··· PROVIDED MATERIAL ···

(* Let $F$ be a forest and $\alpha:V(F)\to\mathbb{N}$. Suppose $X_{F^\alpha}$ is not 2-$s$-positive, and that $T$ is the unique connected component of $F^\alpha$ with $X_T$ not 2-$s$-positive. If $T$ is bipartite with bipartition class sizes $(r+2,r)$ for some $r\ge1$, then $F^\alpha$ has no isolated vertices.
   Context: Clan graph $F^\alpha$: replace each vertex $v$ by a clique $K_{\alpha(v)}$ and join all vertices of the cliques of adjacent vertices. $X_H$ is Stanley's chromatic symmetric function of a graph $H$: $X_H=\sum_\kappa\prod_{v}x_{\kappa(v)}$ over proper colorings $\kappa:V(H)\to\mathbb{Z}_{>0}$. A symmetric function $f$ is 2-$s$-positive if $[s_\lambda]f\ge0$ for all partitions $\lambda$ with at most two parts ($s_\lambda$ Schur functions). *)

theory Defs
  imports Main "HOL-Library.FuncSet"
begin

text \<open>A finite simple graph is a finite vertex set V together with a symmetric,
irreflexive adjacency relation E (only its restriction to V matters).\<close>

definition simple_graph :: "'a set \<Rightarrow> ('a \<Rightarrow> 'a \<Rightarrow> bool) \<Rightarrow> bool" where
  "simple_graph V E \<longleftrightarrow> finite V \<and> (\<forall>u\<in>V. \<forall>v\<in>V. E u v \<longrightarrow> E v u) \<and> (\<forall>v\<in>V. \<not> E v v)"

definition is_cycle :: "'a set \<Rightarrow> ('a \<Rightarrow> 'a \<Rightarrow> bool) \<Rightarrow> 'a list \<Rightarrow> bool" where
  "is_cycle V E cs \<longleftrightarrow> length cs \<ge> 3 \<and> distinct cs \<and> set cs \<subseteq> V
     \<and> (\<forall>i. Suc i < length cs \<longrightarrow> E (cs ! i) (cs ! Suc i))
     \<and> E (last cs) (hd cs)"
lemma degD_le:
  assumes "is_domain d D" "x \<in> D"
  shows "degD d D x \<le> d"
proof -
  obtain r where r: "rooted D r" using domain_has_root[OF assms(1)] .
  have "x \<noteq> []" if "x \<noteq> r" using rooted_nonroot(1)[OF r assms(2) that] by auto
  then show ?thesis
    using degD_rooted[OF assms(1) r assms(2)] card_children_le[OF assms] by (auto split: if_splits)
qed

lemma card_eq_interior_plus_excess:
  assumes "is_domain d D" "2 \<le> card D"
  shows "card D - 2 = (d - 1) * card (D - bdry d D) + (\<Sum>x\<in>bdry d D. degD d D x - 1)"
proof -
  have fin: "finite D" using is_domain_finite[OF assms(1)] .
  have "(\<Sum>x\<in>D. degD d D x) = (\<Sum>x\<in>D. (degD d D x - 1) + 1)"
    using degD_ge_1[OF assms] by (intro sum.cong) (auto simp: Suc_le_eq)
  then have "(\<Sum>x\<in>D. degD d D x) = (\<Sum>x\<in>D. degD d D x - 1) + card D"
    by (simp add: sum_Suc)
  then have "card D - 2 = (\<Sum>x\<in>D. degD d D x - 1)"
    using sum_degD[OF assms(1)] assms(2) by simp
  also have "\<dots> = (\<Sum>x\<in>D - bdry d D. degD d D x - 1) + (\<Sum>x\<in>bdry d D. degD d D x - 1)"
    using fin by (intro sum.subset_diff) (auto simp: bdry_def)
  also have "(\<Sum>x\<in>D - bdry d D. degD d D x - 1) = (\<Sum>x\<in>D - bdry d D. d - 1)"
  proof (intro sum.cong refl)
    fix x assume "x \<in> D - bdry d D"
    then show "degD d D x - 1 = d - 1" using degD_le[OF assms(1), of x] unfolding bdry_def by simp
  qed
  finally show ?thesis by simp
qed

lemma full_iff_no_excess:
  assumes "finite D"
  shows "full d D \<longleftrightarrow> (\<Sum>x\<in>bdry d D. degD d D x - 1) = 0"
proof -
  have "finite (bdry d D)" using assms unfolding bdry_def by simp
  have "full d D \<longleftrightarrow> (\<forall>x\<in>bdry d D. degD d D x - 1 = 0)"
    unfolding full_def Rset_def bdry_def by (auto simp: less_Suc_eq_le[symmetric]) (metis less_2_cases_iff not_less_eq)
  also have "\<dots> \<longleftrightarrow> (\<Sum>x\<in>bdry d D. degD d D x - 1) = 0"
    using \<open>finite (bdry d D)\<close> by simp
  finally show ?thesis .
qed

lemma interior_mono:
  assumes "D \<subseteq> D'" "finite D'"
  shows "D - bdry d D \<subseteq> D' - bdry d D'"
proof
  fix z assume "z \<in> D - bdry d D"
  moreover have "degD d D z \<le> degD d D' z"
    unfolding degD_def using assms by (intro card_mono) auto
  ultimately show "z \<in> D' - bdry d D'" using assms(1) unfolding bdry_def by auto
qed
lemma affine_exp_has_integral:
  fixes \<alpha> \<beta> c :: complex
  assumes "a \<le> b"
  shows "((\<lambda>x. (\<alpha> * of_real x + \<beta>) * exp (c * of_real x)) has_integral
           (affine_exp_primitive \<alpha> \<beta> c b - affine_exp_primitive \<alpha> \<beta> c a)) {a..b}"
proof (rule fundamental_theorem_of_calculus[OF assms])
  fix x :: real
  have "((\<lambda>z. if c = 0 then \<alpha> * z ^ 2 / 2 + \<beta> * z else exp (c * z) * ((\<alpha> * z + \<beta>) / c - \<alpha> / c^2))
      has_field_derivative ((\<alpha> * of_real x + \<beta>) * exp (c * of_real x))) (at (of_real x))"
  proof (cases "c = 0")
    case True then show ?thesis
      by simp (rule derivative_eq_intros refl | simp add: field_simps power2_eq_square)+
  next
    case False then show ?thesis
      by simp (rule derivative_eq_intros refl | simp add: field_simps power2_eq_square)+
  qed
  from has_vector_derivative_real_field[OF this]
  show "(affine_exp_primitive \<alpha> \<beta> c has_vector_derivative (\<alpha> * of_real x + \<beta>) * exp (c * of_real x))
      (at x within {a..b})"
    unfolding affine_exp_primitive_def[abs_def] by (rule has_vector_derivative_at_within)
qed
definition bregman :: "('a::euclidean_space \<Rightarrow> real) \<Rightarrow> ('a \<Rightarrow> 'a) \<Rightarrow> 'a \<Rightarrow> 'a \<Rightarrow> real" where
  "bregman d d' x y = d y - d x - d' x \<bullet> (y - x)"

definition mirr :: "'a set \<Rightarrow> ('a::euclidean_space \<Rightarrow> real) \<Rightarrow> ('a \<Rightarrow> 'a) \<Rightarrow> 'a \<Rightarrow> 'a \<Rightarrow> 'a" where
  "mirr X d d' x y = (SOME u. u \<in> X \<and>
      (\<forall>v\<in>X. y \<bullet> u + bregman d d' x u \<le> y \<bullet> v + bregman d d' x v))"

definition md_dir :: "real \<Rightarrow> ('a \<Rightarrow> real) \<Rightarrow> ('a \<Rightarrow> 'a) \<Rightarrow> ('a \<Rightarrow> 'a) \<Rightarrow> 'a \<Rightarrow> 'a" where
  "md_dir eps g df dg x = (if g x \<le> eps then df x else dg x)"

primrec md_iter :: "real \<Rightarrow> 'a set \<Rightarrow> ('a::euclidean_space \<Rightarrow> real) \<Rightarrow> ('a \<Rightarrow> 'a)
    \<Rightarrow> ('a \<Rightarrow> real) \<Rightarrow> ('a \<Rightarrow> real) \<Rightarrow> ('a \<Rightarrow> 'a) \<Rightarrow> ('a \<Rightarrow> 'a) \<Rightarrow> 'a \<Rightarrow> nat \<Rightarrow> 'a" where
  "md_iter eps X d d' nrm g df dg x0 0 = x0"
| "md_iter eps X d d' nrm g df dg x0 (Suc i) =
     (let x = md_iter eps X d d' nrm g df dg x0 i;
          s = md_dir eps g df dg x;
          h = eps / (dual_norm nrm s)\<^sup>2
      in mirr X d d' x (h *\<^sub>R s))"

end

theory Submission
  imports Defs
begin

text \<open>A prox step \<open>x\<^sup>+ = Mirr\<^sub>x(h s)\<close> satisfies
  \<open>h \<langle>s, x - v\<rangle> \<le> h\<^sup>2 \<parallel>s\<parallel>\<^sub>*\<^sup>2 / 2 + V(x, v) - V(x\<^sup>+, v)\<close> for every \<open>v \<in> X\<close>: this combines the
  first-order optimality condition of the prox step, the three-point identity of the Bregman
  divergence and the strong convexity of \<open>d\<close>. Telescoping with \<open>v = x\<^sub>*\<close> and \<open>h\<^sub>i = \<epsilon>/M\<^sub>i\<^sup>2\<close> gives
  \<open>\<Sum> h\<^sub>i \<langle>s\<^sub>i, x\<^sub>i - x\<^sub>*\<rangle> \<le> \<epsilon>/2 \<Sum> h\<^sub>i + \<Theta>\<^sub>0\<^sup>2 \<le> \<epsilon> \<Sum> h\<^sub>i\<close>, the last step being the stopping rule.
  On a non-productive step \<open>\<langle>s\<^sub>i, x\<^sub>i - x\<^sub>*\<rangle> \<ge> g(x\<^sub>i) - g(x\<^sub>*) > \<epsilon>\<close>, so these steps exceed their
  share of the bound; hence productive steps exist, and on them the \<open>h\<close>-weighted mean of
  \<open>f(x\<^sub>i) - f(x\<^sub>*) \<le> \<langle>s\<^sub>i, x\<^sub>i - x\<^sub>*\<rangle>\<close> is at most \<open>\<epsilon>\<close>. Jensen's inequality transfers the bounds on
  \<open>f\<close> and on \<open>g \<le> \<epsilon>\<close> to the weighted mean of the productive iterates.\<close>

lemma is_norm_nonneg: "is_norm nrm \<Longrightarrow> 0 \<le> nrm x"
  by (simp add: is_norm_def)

···

→ **BRIEF**
Copy the entries word for word. Start at the first line and end with the line containing "V E \<longleftrightarrow>".

→ **ANSWER SPACE**
(* Let $F$ be a forest and $\alpha:V(F)\to\mathbb{N}$. Suppose $X_{F^\alpha}$ is not 2-$s$-positive, and that $T$ is the unique connected component of $F^\alpha$ with $X_T$ not 2-$s$-positive. If $T$ is bipartite with bipartition class sizes $(r+2,r)$ for some $r\ge1$, then $F^\alpha$ has no isolated vertices.
   Context: Clan graph $F^\alpha$: replace each vertex $v$ by a clique $K_{\alpha(v)}$ and join all vertices of the cliques of adjacent vertices. $X_H$ is Stanley's chromatic symmetric function of a graph $H$: $X_H=\sum_\kappa\prod_{v}x_{\kappa(v)}$ over proper colorings $\kappa:V(H)\to\mathbb{Z}_{>0}$. A symmetric function $f$ is 2-$s$-positive if $[s_\lambda]f\ge0$ for all partitions $\lambda$ with at most two parts ($s_\lambda$ Schur functions). *)

theory Defs
  imports Main "HOL-Library.FuncSet"
begin

text \<open>A finite simple graph is a finite vertex set V together with a symmetric,
irreflexive adjacency relation E (only its restriction to V matters).\<close>

definition simple_graph :: "'a set \<Rightarrow> ('a \<Rightarrow> 'a \<Rightarrow> bool) \<Rightarrow> bool" where
  "simple_graph V E \<longleftrightarrow> finite V \<and> (\<forall>u\<in>V. \<forall>v\<in>V. E u v \<longrightarrow> E v u) \<and> (\<forall>v\<in>V. \<not> E v v)"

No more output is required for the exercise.